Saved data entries
•••
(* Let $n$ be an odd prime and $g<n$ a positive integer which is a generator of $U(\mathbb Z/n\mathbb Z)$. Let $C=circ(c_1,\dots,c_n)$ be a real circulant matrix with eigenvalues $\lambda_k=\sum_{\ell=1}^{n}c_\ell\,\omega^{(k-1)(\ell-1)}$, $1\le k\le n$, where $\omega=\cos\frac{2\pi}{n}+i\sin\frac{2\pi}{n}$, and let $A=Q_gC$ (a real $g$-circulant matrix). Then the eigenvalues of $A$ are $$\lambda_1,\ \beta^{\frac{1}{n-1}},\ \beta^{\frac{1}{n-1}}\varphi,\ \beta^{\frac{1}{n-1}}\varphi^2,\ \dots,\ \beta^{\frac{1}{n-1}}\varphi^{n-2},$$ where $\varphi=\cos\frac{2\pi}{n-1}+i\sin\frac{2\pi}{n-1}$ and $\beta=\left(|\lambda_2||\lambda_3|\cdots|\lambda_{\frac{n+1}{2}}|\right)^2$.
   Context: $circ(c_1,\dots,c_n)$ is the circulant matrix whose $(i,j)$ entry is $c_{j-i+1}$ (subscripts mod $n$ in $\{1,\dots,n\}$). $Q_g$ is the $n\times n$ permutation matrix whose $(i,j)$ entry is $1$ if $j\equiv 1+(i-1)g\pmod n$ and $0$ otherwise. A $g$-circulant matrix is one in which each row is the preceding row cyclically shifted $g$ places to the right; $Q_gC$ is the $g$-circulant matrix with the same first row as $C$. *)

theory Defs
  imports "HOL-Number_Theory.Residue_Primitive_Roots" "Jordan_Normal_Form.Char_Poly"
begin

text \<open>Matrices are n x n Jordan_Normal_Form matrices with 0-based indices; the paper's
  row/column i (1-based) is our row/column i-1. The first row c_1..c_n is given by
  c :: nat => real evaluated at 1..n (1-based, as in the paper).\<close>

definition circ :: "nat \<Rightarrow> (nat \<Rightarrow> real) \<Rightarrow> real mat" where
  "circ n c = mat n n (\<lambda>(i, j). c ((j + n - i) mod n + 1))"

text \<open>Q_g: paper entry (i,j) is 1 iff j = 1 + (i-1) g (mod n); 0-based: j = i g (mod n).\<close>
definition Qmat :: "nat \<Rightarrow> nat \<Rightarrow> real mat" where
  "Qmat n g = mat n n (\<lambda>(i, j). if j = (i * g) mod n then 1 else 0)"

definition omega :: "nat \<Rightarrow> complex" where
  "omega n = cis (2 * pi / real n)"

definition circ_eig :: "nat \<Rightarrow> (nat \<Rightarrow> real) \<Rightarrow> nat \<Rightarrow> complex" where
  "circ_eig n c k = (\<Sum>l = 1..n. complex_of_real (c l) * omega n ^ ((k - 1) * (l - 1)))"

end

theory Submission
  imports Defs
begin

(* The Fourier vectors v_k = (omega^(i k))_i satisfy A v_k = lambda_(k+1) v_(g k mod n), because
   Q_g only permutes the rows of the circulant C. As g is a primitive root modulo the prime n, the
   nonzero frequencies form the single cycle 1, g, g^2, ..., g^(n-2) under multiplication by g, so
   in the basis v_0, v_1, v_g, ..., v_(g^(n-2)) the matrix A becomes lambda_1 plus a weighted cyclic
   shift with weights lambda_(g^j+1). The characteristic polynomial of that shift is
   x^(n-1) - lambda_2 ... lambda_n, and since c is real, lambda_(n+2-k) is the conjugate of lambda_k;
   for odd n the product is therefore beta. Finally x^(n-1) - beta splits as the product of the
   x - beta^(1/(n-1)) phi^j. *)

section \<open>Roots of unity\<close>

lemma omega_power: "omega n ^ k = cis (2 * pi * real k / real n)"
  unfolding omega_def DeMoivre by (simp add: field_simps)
•••
• [Exercise prompt]: Work out the count of lines in the data above containing the string "prime". Give it alone.

• [Exercise solution]: 2